Recent Accounting Pronouncements
See
Note 3 of the Notes to the Condensed Consolidated Financial
Statements included in this Quarterly Report for a description of
recent accounting pronouncements believed by management to have a
material impact on our present or future financial
statements.
WHERE YOU CAN FIND MORE INFORMATION
You are advised to read this Quarterly Report in
conjunction with other reports and documents that we file from time
to time with the SEC. In particular, please read our Quarterly
Reports on Form 10-Q, Annual Report on Form 10-K, and Current
Reports on Form 8-K that we file from time to time. You may obtain
copies of these reports directly from us or from the SEC at the
SEC’s Public Reference Room at 100 F. Street, N.E.
Washington, D.C. 20549, and you may obtain information about
obtaining access to the Reference Room by calling the SEC at
1-800-SEC-0330. In addition, the SEC maintains information for
electronic filers at its website www.sec.gov.
ITEM 3. QUANTITATIVE AND QUALITATIVE DISCLOSURES ABOUT MARKET
RISK
Our
business is currently conducted principally in the United States.

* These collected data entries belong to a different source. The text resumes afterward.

(* There is a constant $c$ such that for every $n\in\mathbb{N}_{\geq 1}$ there exists a language $L_n\subseteq\{a,b\}^*$ with $L_n\in\mathsf{DD}_0$ such that $L_n$ is recognized by an NFA with at most $c\,n^2$ states, but every poNFA recognizing $L_n$ has more than $2^{n-1}$ states.
   Context: $\mathsf{DD}_0$ (level $0$ of the dot-depth hierarchy) is the class of finite and cofinite languages. NFAs have a single initial state and no $\varepsilon$-transitions. For an NFA with transition function $\delta$, write $p\leq q$ if $q\in\delta(p,w)$ for some word $w$; the NFA is a poNFA (partially ordered NFA) if $\leq$ is a partial order on its states. The size of an automaton is its number of states. *)

theory Defs
  imports Complex_Main
begin

datatype ab = a | b

text \<open>NFAs with a single initial state and no epsilon-transitions.
  States are drawn from nat (any finite automaton can be renamed to one with
  nat states without changing its size or language).\<close>
record nfa =
  states :: "nat set"
  init   :: nat
  delta  :: "nat \<Rightarrow> ab \<Rightarrow> nat set"
  final  :: "nat set"

definition wf_nfa :: "nfa \<Rightarrow> bool" where
  "wf_nfa A \<longleftrightarrow> finite (states A) \<and> init A \<in> states A \<and> final A \<subseteq> states A
     \<and> (\<forall>q\<in>states A. \<forall>x. delta A q x \<subseteq> states A)"
(* Let $\alpha,\beta>-1$, $M\ge0$, $a_0,\dots,a_M\in\mathbb{R}$ and $f_M(x)=\sum_{m=0}^M a_mP^{(\alpha,\beta)}_m(x)$. For integers $n\ge-1$ and $y\in[-1,1]$ let $\tilde R_n(y)=\int_{-1}^{y}f_M(y-1-t)P^{(\alpha,\beta)}_n(t)\,\mathrm{d}t$ (so $\tilde R_{-1}\equiv0$). Then for every integer $n\ge0$ and $y\in[-1,1]$, $$\tilde R_{n+1}(y)=\frac{1}{A_{n+1}}\int_{-1}^{y}\tilde R_n(s)\,\mathrm{d}s-\frac{B_n}{A_{n+1}}\tilde R_n(y)-\frac{C_{n-1}}{A_{n+1}}\tilde R_{n-1}(y)+\frac{S_n}{A_{n+1}}\int_{-1}^{y}f_M(t)\,\mathrm{d}t,$$ where $$S_n=\frac{2(-1)^{n+1}(\beta)_{n+1}}{(\alpha+\beta+n)(n+1)!}$$ (and the term $C_{n-1}\tilde R_{n-1}$ is $0$ when $n=0$).
   Context: Jacobi polynomials: $P^{(\alpha,\beta)}_n(x)=\frac{(\alpha+1)_n}{n!}\,{}_2F_1\!\left(-n,\,n+\alpha+\beta+1;\,\alpha+1;\,\frac{1-x}{2}\right)$ for $n\ge0$, $P^{(\alpha,\beta)}_n:=0$ for $n<0$; $(a)_n=a(a+1)\cdots(a+n-1)$, $(a)_0=1$. The constants are $A_{m}=\dfrac{2(\alpha+\beta+m)}{(\alpha+\beta+2m-1)(\alpha+\beta+2m)}$, $B_m=\dfrac{2(\alpha-\beta)}{(\alpha+\beta+2m)(\alpha+\beta+2m+2)}$, $C_m=-\dfrac{2(\alpha+m+1)(\beta+m+1)}{(\alpha+\beta+m+1)(\alpha+\beta+2m+2)(\alpha+\beta+2m+3)}$; they satisfy $P^{(\alpha,\beta)}_n=A_{n+1}\frac{\mathrm d}{\mathrm dx}P^{(\alpha,\beta)}_{n+1}+B_n\frac{\mathrm d}{\mathrm dx}P^{(\alpha,\beta)}_n+C_{n-1}\frac{\mathrm d}{\mathrm dx}P^{(\alpha,\beta)}_{n-1}$. $\tilde R_n(y)$ is the convolution $\int_{-1}^{x+1}f_M(x-t)P^{(\alpha,\beta)}_n(t)\,\mathrm dt$ at $x=y-1$. *)

theory Defs
  imports "HOL-Analysis.Analysis"
begin
(* Suppose the third-order ODE $u'''=f(x,u,u',u'')$ (with $I_3\ne0$) is equivalent to $\bar u'''=s\bar u'+\bar u$ ($s$ constant) under a contact transformation $\bar x=\varphi(x,u,p)$, $\bar u=\psi(x,u,p)$, $\bar p=\chi(x,u,p)$ with nonzero Jacobian. Then $s=K$, and the transformation can be obtained as follows, all systems below being compatible: (1) there is a nonzero function $a_1(x,u,p)$ solving the linear system $\hat D_xa_1=J_3I_5a_1$, $a_{1_u}=-Q a_1$, $a_{1_p}=\big(I_4I_5-\tfrac{I_7}{J_3}\big)a_1$, $a_{1_q}=0$; (2) $\varphi$ solves $\hat D_x\varphi=-J_3$, $\varphi_u=-I_7$, $\varphi_p=-I_4$; (3) with $\eta=\hat D_x\chi/\hat D_x\varphi$ (a function of $(x,u,p,q)$) and $\bar f=s\chi+\psi$, the functions $\eta,\chi,\psi$ solve $\hat D_x\eta=-J_3\bar f$, $\eta_u=\big(\tfrac{s+I_5^2}{2}+\tfrac{I_2}{2J_3^2}\big)a_1-I_7\bar f$, $\eta_p=\big(\tfrac{I_5}{J_3}+\tfrac{I_1}{3J_3^2}\big)a_1-I_4\bar f$, $\eta_q=\tfrac{a_1}{J_3^2}$; $\hat D_x\chi=-J_3\eta$, $\chi_u=-I_5a_1-I_7\eta$, $\chi_p=-\tfrac{a_1}{J_3}-I_4\eta$; $I_7\hat D_x\psi=J_3(\psi_u-a_1)$, $\psi_x=\chi\varphi_x-pa_1$, $\psi_p=-I_4\chi$; where also $\chi=\hat D_x\psi/\hat D_x\varphi$.
   Context: Coordinates $(x,u,p,q)$ with $p=u'$, $q=u''$; subscripts denote partial derivatives; $\hat D_x=\partial_x+p\partial_u+q\partial_p+f\partial_q$. A contact transformation is a local diffeomorphism $\bar x=\varphi(x,u,p)$, $\bar u=\psi(x,u,p)$, $\bar p=\chi(x,u,p)$ with $d\bar u-\bar p\,d\bar x=\lambda(du-p\,dx)$ for some $\lambda(x,u,p)$. Define $I_1=-f_q$, $I_2=-\tfrac29I_1^2-f_p-\tfrac13\hat D_xI_1$, $I_3=-\tfrac13I_1I_2-f_u-\tfrac12\hat D_xI_2$, $J_3=I_3^{1/3}$ (real cube root), $I_4=J_{3_q}$, $I_5=\frac{1}{3J_3^2}(I_1J_3+3\hat D_xJ_3)$, $I_7=-I_{5_q}J_3^2$, $I_9=2J_3\hat D_xI_5-I_2+J_3^2I_5^2$, $K=I_9/J_3^2$, and $Q=-\frac{I_1I_7+3J_3^2I_{5_p}+3J_{3_u}-3J_3I_4\hat D_xI_5}{3J_3}$. *)

theory Defs
  imports "HOL-Analysis.Analysis"
begin

text \<open>Functions of the jet coordinates (x,u,p,q), curried.\<close>
type_synonym fn4 = "real \<Rightarrow> real \<Rightarrow> real \<Rightarrow> real \<Rightarrow> real"
type_synonym fn3 = "real \<Rightarrow> real \<Rightarrow> real \<Rightarrow> real"

definition lift3 :: "fn3 \<Rightarrow> fn4" where
  "lift3 F = (\<lambda>x u p q. F x u p)"

definition pdx :: "fn4 \<Rightarrow> fn4" where
  "pdx F = (\<lambda>x u p q. deriv (\<lambda>t. F t u p q) x)"
definition pdu :: "fn4 \<Rightarrow> fn4" where
  "pdu F = (\<lambda>x u p q. deriv (\<lambda>t. F x t p q) u)"
definition pdp :: "fn4 \<Rightarrow> fn4" where
  "pdp F = (\<lambda>x u p q. deriv (\<lambda>t. F x u t q) p)"
definition pdq :: "fn4 \<Rightarrow> fn4" where
  "pdq F = (\<lambda>x u p q. deriv (\<lambda>t. F x u p t) q)"

fun pdir :: "nat \<Rightarrow> fn4 \<Rightarrow> fn4" where
  "pdir 0 F = pdx F"
| "pdir (Suc 0) F = pdu F"
| "pdir (Suc (Suc 0)) F = pdp F"
| "pdir _ F = pdq F"

definition iter_pd :: "nat list \<Rightarrow> fn4 \<Rightarrow> fn4" where
  "iter_pd ds F = foldr pdir ds F"

definition partial_exists :: "nat \<Rightarrow> fn4 \<Rightarrow> real \<Rightarrow> real \<Rightarrow> real \<Rightarrow> real \<Rightarrow> bool" where
  "partial_exists i F x u p q \<longleftrightarrow>
     (if i = 0 then (\<lambda>t. F t u p q) differentiable (at x)
      else if i = 1 then (\<lambda>t. F x t p q) differentiable (at u)
      else if i = 2 then (\<lambda>t. F x u t q) differentiable (at p)
      else (\<lambda>t. F x u p t) differentiable (at q))"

As a result, our financial results are not materially affected by
factors such as changes in foreign currency exchange rates or
economic conditions in foreign markets. We do not engage in hedging
transactions to reduce our exposure to changes in currency exchange
rates although, as the geographical scope of our business broadens,
we may do so in the future.
Our
exposure to risk for changes in interest rates relates primarily to
any borrowings under our existing Line of Credit, and our
investments in short-term financial instruments. The Company
currently has a zero balance under its existing Line of
Credit.
Investments
of our existing cash balances in both fixed rate and floating rate
interest earning instruments carry some interest rate risk. The
fair value of fixed rate securities may fall due to a rise in
interest rates, while floating rate securities may produce less
income than expected if interest rates fall. Partly as a result of
this, our future interest income will vary due to changes in
interest rates and we may suffer losses in principal if we are
forced to sell securities that have fallen in estimated fair value
due to changes in interest rates. However, as substantially all of
our cash equivalents consist of bank deposits and short-term money
market instruments, we do not expect any material change with
respect to our net income as a result of an interest rate
change.
We
do not hold any derivative instruments and do not engage in any
hedging activities.
ITEM
4. CONTROLS AND
PROCEDURES
(a) Evaluation
of Disclosure Controls and Procedures
We
maintain disclosure controls and procedures that are designed to
ensure that information required to be disclosed in our Exchange
Act reports is recorded, processed, summarized and reported within
the time periods specified in the Securities and Exchange
Commission’s rules and forms and that such information is
accumulated and communicated to our Chief Executive Officer and
Chief Financial Officer, as appropriate, to allow for timely
decisions regarding required disclosure. In designing and
evaluating the disclosure controls and procedures, management
recognizes that any controls and procedures, no matter how well
designed and operated, can provide only reasonable assurance of
achieving the desired control objectives, and management is
required to apply its judgment in evaluating the cost-benefit
relationship of possible controls and procedures. Our disclosure
controls and procedures were designed to provide reasonable
assurance that the controls and procedures would meet their
objectives. As required by SEC Rule 13a-15(b), our Chief Executive
Officer and Chief Financial Officer carried out an evaluation of
the effectiveness of the design and operation of our disclosure
controls and procedures as of the end of the period covered by this
report. Based on the foregoing, our Chief Executive Officer and
Chief Financial Officer concluded that our disclosure controls and
procedures were effective at the reasonable assurance
level.
Our Chief Executive Officer and Chief Financial
Officer are responsible for establishing and maintaining adequate
internal control over our financial reporting. In order to evaluate
the effectiveness of internal control over financial reporting, as
required by Section 404 of the Sarbanes-Oxley Act, management has
conducted an assessment, including testing, using the criteria in
Internal Control — Integrated Framework, issued by the
Committee of Sponsoring Organizations of the Treadway Commission
(“COSO”). Our system of internal control over
financial reporting is designed to provide reasonable assurance
regarding the reliability of financial reporting and the
preparation of financial statements for external purposes in
accordance with generally accepted accounting principles. Because
of its inherent limitations, internal control over financial
reporting may not prevent or detect misstatements. Management has
used the framework set forth in the report entitled Internal
Control-Integrated Framework published by the COSO to evaluate the
effectiveness of our internal control over financial reporting.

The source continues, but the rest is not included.